Her persistence was rewarded. She placed third in the 2023 U.S. outdoor championships and eighth at the world championships, followed by her life-altering performance at last month’s Olympic trials. She was only six points behind eventual winner Anna Hall heading into the final event — the 800-meter run, her weakest event and Hall’s strongest.

“It is so hard when you PR in almost every event to say I’ll just be done,” she says.

One more year has turned into three more years. She has set personal records in six of the seven pentathlon events since 2022 — four of them at this year’s trials — as well as personal records for her overall pentathlon score in 2022, 2023 and 2024. Her best marks: 100-meter hurdles, 12.95; 200-meter dash, 24.05; 800 meters, 2:14.76; shot put, 48-1 ¾; javelin, 161-8; high jump, 6-0 3/4; long jump, 20-6 ¼; total score, 6,456 points.

“I used to get asked all the time, how are you still getting better?” she says. “I feel better now than when I was 21.”

Says Poole, “She’s worked hard, really, really hard. And she’s very much a student of her craft. She wants to know what you do, how you do it and why. You name it, she’s asking questions.”

Poole says Hawkins, who married fellow Utah State athlete C.J. O’Neal, spends eight hours a day developing skills, running, lifting weights, rehabbing, consulting nutritionists and physical therapists, meeting with sponsors, and maintaining her strong social-media presence.

Chari Hawkins competes in the women's heptathlon javelin throw during the U.S. Track and Field Olympic Team Trials, Monday, June 24, 2024, in Eugene, Ore. | Charlie Neibergall, Associated Press
Chari Hawkins competes in the women's heptathlon javelin throw during the U.S. Track and Field Olympic Team Trials, Monday, June 24, 2024, in Eugene, Ore. | Charlie Neibergall, Associated Press

Personable, quotable and accessible, she has almost 1 million followers on Instagram.

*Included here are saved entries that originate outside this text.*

lemma facet_unit_normal_unique:
  fixes S :: "'a::euclidean_space set"
  assumes full: "aff_dim S = int DIM('a)" and fac: "G facet_of S"
    and G1: "G = S \<inter> {x. u \<bullet> x = b}" and S1: "S \<subseteq> {x. u \<bullet> x \<le> b}"
    and G2: "G = S \<inter> {x. u' \<bullet> x = b'}" and S2: "S \<subseteq> {x. u' \<bullet> x \<le> b'}"
    and u: "norm u = 1" and u': "norm u' = 1"
  shows "u' = u"
proof -
  have "aff_dim G = aff_dim S - 1" using fac by (simp add: facet_of_def)
  then have "aff_dim G = int (DIM('a) - 1)" using full DIM_positive[where 'a='a] by simp
  then obtain a c where a: "a \<noteq> 0" and ah: "affine hull G = {x. a \<bullet> x = c}"
    using aff_dim_eq_hyperplane by blast
  define a' where "a' = a /\<^sub>R norm a"
  define c' where "c' = c / norm a"
  have na: "norm a' = 1" using a by (simp add: a'_def)
  have hyp: "{x. a' \<bullet> x = c'} = {x. a \<bullet> x = c}"
    using a by (auto simp: a'_def c'_def field_simps)
  have "affine hull G \<subseteq> {x. u \<bullet> x = b}"
    using G1 by (intro hull_minimal) (auto simp: affine_hyperplane)
  then have "{x. a' \<bullet> x = c'} \<subseteq> {x. u \<bullet> x = b}" using hyp ah by simp
  then have "u = a' \<or> u = -a'" by (rule unit_normal_of_hyperplane_subset[OF na u])
  moreover have "affine hull G \<subseteq> {x. u' \<bullet> x = b'}"
    using G2 by (intro hull_minimal) (auto simp: affine_hyperplane)
  then have "{x. a' \<bullet> x = c'} \<subseteq> {x. u' \<bullet> x = b'}" using hyp ah by simp
  then have "u' = a' \<or> u' = -a'" by (rule unit_normal_of_hyperplane_subset[OF na u'])
  ultimately have "u' = u \<or> u' = -u" by auto
  moreover have "u' \<noteq> -u"
  proof
    assume m: "u' = -u"
    obtain g where "g \<in> G" using fac by (auto simp: facet_of_def)
    then have "u \<bullet> g = b" "u' \<bullet> g = b'" using G1 G2 by auto
    then have "b' = -b" using m by simp
    then have "S \<subseteq> {x. u \<bullet> x = b}" using S1 S2 m by force
    then have "aff_dim S \<le> aff_dim {x. u \<bullet> x = b}" by (rule aff_dim_subset)
    also have "\<dots> = int (DIM('a) - 1)" using u by (intro aff_dim_hyperplane) auto
    finally show False using full DIM_positive[where 'a='a] by linarith
  qed
  ultimately show ?thesis by blast
qed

She plays to her audience unabashedly. In one of her posts, she strikes various poses and does wind sprints on what appears to be the Salt Flats, while offering her own homespun advice — “Take care of you — make sure you’re finding time to be happy.”

“She’s very good at promotions,” says Poole.

“In 2016 I made a decree to myself … that’s how my social media started,” she says. “It’s just an online journal … one day this is going to be my best event.”

All of the above makes her a magnet for sponsorships. She signed a deal with Brooks this year and has deals with several other companies.

As for the future, she says, “I always ask my family, ‘Are we still having fun, are we still getting better and does it make sense for life?’ I haven’t made any decisions yet.”